Un’operazione per certi versi simili è riscontrabile anche in alcune jisei, le liriche giapponesi spesso vergate poco prima della propria morte, raccolte da Ornella Civardi in un’opera unica nel panorama editoriale italiano, Jisei. Poesie dell’addio (SE, 2017, pp. 128, € 14). Le prime testimonianze risalgono a un’epoca antecedente il IX secolo; col passare dei secoli, il genere si è poi evoluto in forme e direzioni diverse, senza mai estinguersi del tutto (per esempio, anche Mishima, nel 1970, fece precedere il suicidio da versi di commiato). E così, illustra Civardi con una prosa colta e suggestiva nel saggio a suggello del volume, in questa raccolta, assieme ai tanka del periodo Heian (794-1185) imbevuti di mono no aware, troviamo i densi versi estremi (yuige) dei monaci buddhisti e le jisei umoristiche, ancora in voga nell’Ottocento, in cui la morte viene affrontata con un sorriso di complicità o scherno.
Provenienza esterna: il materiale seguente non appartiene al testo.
(* Let $H$ be a hypergraph with $R(H)=\{1,2\}$ such that the graph $H^2$ of its $2$-edges is bipartite and $H$ contains $K_2^{\{1,2\}}$ as a subgraph. Then $\pi(H)=\frac54$.
   Context: A hypergraph $H=(V,E)$ has finite vertex set $V$ and edge set $E\subseteq 2^V$; $R(H)=\{|F|:F\in E\}$. $H_1\subseteq H_2$ (subgraph) means there is an injective $f\colon V(H_1)\to V(H_2)$ with $f(F)\in E(H_2)$ for all $F\in E(H_1)$. For $G$ on $n$ vertices, $h_n(G)=\sum_{F\in E(G)}1/\binom{n}{|F|}$; $\pi_n(H)=\max\{h_n(G): G\text{ on } n \text{ vertices}, R(G)\subseteq R(H), H\not\subseteq G\}$ and $\pi(H)=\lim_n\pi_n(H)$. $K_2^{\{1,2\}}$ is the hypergraph on vertices $\{1,2\}$ with edges $\{1\},\{2\},\{1,2\}$. *)

theory Defs
  imports Complex_Main
begin

definition hypergraph :: "'a set \<Rightarrow> 'a set set \<Rightarrow> bool" where
  "hypergraph V E \<longleftrightarrow> finite V \<and> E \<subseteq> Pow V"

definition edge_sizes :: "'a set set \<Rightarrow> nat set" where
  "edge_sizes E = card ` E"

definition subhypergraph :: "'a set \<Rightarrow> 'a set set \<Rightarrow> 'b set \<Rightarrow> 'b set set \<Rightarrow> bool" where
  "subhypergraph V1 E1 V2 E2 \<longleftrightarrow>
     (\<exists>f. inj_on f V1 \<and> f ` V1 \<subseteq> V2 \<and> (\<forall>F\<in>E1. f ` F \<in> E2))"

definition two_graph_bipartite :: "'a set \<Rightarrow> 'a set set \<Rightarrow> bool" where
  "two_graph_bipartite V E \<longleftrightarrow>
     (\<exists>A \<subseteq> V. \<forall>F\<in>E. card F = 2 \<longrightarrow> card (F \<inter> A) = 1)"

definition K2_12_V :: "nat set" where "K2_12_V = {1, 2}"
definition K2_12_E :: "nat set set" where "K2_12_E = {{1}, {2}, {1, 2}}"

definition h_n :: "nat \<Rightarrow> 'a set set \<Rightarrow> real" where
  "h_n n E = (\<Sum>F\<in>E. 1 / real (n choose card F))"

definition pi_n :: "'a set \<Rightarrow> 'a set set \<Rightarrow> nat \<Rightarrow> real" where
  "pi_n V E n = Max {h_n n G | G. G \<subseteq> Pow {0..<n} \<and> edge_sizes G \<subseteq> edge_sizes E
                                   \<and> \<not> subhypergraph V E {0..<n} G}"

end

theory Submission
  imports Defs
begin

text \<open>
  Lower bound: on n vertices take the singletons of a set X of n div 2 vertices together with
  all pairs not inside X. The edges {a}, {b}, {a, b} of a copy of K_2^{1,2} in H would have to
  go to a pair inside X, so H is not contained, and the density |X|/n + 1 - C(|X|,2)/C(n,2)
  is at least 5/4.

  Upper bound: let G avoid H and let X be its set of singleton vertices. As the 2-graph of H is
  bipartite, H embeds into any K_{m,m} (m = |V(H)|) formed by pairs of G inside X; by the
  Kovari-Sos-Turan counting argument G therefore has only o(n^2) pairs inside X. Hence
  h_n(G) <= |X|/n + 1 - C(|X|,2)/C(n,2) + o(1), which is 5/4 + o(1) after completing the
  square in |X|.
\<close>

lemma card_neighbourhood_eq_degree:
  assumes "P \<subseteq> {F. card F = 2}"
  shows "card {u. {u, v} \<in> P} = card {F\<in>P. v \<in> F}"
proof -
  have "bij_betw (\<lambda>u. {u, v}) {u. {u, v} \<in> P} {F\<in>P. v \<in> F}"
  proof (rule bij_betwI')
    fix x y assume "x \<in> {u. {u, v} \<in> P}" "y \<in> {u. {u, v} \<in> P}"
    then have "x \<noteq> v" "y \<noteq> v" using assms by (auto simp: card_insert_if split: if_splits)
    then show "({x, v} = {y, v}) = (x = y)" by (auto simp: doubleton_eq_iff)
  next
    fix F assume F: "F \<in> {F\<in>P. v \<in> F}"
    then obtain a b where "F = {a, b}" using assms by (auto simp: card_2_iff)
    with F show "\<exists>x\<in>{u. {u, v} \<in> P}. F = {x, v}" by (auto simp: insert_commute)
  qed auto
  then show ?thesis by (rule bij_betw_same_card)
qed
L’antologia accoglie circa un centinaio di testi, ciascuno dei quali commentato in maniera sintetica ma esauriente dalla curatrice, che spesso mette in luce i nessi tra la composizione in oggetto, la storia personale del poeta, il contesto storico-religioso, la tradizione letteraria e la cultura nipponica.

A mani vuote son venuto,
me ne vado a piedi nudi,
la partenza e l’arrivo confusi
in un unico segno.

Kozan Ikkyô (1360)

 

Quando muoio,
seppellitemi sotto una botte
dell’osteria:
chissà mai che il fondo
non abbia a creparsi.

Moriya Sen’an (1838)

Malgrado l’indubbia alta qualità del volume, purtroppo non può però passare inosservata una mancanza piuttosto rilevante: sono, infatti, del tutto assenti i testi in giapponese. Se, in generale, nell’ambito della poesia, c’è la consuetudine di presentare al lettore traduzioni e originali assieme, nel caso della lirica nipponica questa buona pratica si rende quasi necessaria per poter meglio assaporare e comprendere i diversi livelli di senso, a partire, naturalmente, dalla scelta dei kanji e del lessico.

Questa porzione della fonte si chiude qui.